Multiple iterations of a loop may be performed in parallel, using a technique called pipelining. Pipelining allows the next iteration of a loop to begin executing before completing the current iteration in parallel with the execution of the current iteration.

Examples of all three of these types are presented in this and subsequent chapters. First, however, let's review how software-to-hardware compilation is performed and how the compiler looks for the sort of parallelism just described.

Optimizer Operation

The basic operation of the Impulse optimizer (Stage Master) is to divide a C procedure into basic blocks and then assign each operation of each basic block to one or more stages. Figure 7-1 illustrates how one stage of the FIR filter example (presented in Chapters 5 and 6) represents multiple parallel operations.

Figure 7-1. During optimization, C statements are are divided into blocks and stages.

In general, each stage is performed in a single clock cycle in hardware. The exception is that if a particular stage is waiting for data from an external source (such as a stream or memory), that stage may stall for one or more clock cycles until the data arrives. Stages are performed one at a time and the generated hardware controller determines what stage is being performed and which stage should be performed next.

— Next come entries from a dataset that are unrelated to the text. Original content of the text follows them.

(* Let $q\ge 2$ and $1-\frac1{2q}<\alpha,\beta<1$. For every $(t,s)\in[0,1]^2$, the kernels $h_{N,M}(t,s)$ converge in $(\mathcal H^{\alpha,\beta})^{\otimes q}$ as $N,M\to\infty$ to a limit $\mu^{(q)}_{t,s}$, and the Hermite sheet $Z_{t,s}:=I_q(\mu^{(q)}_{t,s})$ satisfies, for all $(t,s),(u,v)\in[0,1]^2$, $$E[Z_{t,s}Z_{u,v}]=R_{q(\alpha-1)+1}(t,u)\,R_{q(\beta-1)+1}(s,v),$$ i.e. $Z$ has the covariance of a fractional Brownian sheet with Hurst indices $(q(\alpha-1)+1,\,q(\beta-1)+1)$.
   Context: $W$ is a fractional Brownian sheet on $[0,1]^2$ with Hurst indices $(\alpha,\beta)$ (centered Gaussian with covariance $R_\alpha(s_1,s_2)R_\beta(t_1,t_2)$), where $R_H(x,y)=\frac12(x^{2H}+y^{2H}-|x-y|^{2H})$. $\mathcal H^{\alpha,\beta}$ is the closure of step functions on $[0,1]^2$ under $\langle \mathbf 1_{[0,s_1]\times[0,t_1]},\mathbf 1_{[0,s_2]\times[0,t_2]}\rangle=R_\alpha(s_1,s_2)R_\beta(t_1,t_2)$; $I_q$ is the $q$-th multiple Wiener–Itô integral w.r.t. $W$. With $\Delta i=[\frac iN,\frac{i+1}N]$, $\Delta j=[\frac jM,\frac{j+1}M]$, $\kappa_\gamma=\frac{\gamma^q(2\gamma-1)^q}{(\gamma q-q+1)(2\gamma q-2q+1)}$ and $\varphi=\sqrt{\frac{q!}{\kappa_\alpha\kappa_\beta}}N^{q-1}M^{q-1}$, define $h_{N,M}(t,s)=\frac{\varphi}{q!}\sum_{i=0}^{[(N-1)t]}\sum_{j=0}^{[(M-1)s]}\mathbf 1_{\Delta i\times\Delta j}^{\otimes q}$ ($[\cdot]$ the integer part). *)

theory Defs
  imports "HOL-Probability.Probability"
begin

definition R :: "real \<Rightarrow> real \<Rightarrow> real \<Rightarrow> real" where
  "R H x y = (x powr (2*H) + y powr (2*H) - \<bar>x - y\<bar> powr (2*H)) / 2"

text \<open>A rectangle (a,b,c,d) stands for [a,b] x [c,d] in [0,1]^2.\<close>
type_synonym rect = "real \<times> real \<times> real \<times> real"

definition valid_rect :: "rect \<Rightarrow> bool" where
  "valid_rect r = (case r of (a,b,c,d) \<Rightarrow> 0 \<le> a \<and> a \<le> b \<and> b \<le> 1 \<and> 0 \<le> c \<and> c \<le> d \<and> d \<le> 1)"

The optimizations performed include four basic passes. The first pass (optional and controlled by the UNROLL pragma) is to unroll inner loops and replicate their code blocks to create parallel structures. Next, a scheduling pass determines the minimum number of stepsor stagespossible to implement each basic block of statements. During this pass, each operation in a basic block is assigned a stage. All operations assigned to a given stage execute in parallel. A third optimization pass attempts to balance the delays of the individual stages. For each loop being pipelined (controlled by the PIPELINE pragma), a final pass analyzes resource constraints and interiteration dependencies to determine when and how much of the next iteration can begin in parallel with current iteration.

Expression-Level Optimizations

The optimizer automatically parallelizes computations both within and across multiple expressions and statements. For example, in the following code:

 X = a + b + c; X = X << 2; Y = a - c;

the optimizer assigns the two additions of the first statement, the shift operation of the second statement, and the subtract operation of the third statement to a single stage.

Note that if many operations were to be chained together in this way within a single stage, the maximum clock speed could be seriously reduced. This is because each stage is to be performed in a single cycle, regardless of the amount of combinational logic required to implement the described operation. By using the StageDelay option in Impulse C, the programmer can control this by specifying the maximum delay (measured as an estimated number of gate delays) that the optimizer will allow in a single stage.

Optimization Within Basic Blocks

A basic block is a contiguous block of straight-line code with no intervening control statements such as if, while, and so on. For example, if the previous example were this instead:

 if (odd) {     x = a + b + c;     x = x << 2; } y = a - c;

the optimizer would generate one stage to perform (a + b + c) << 2 and a second stage to compute a - c.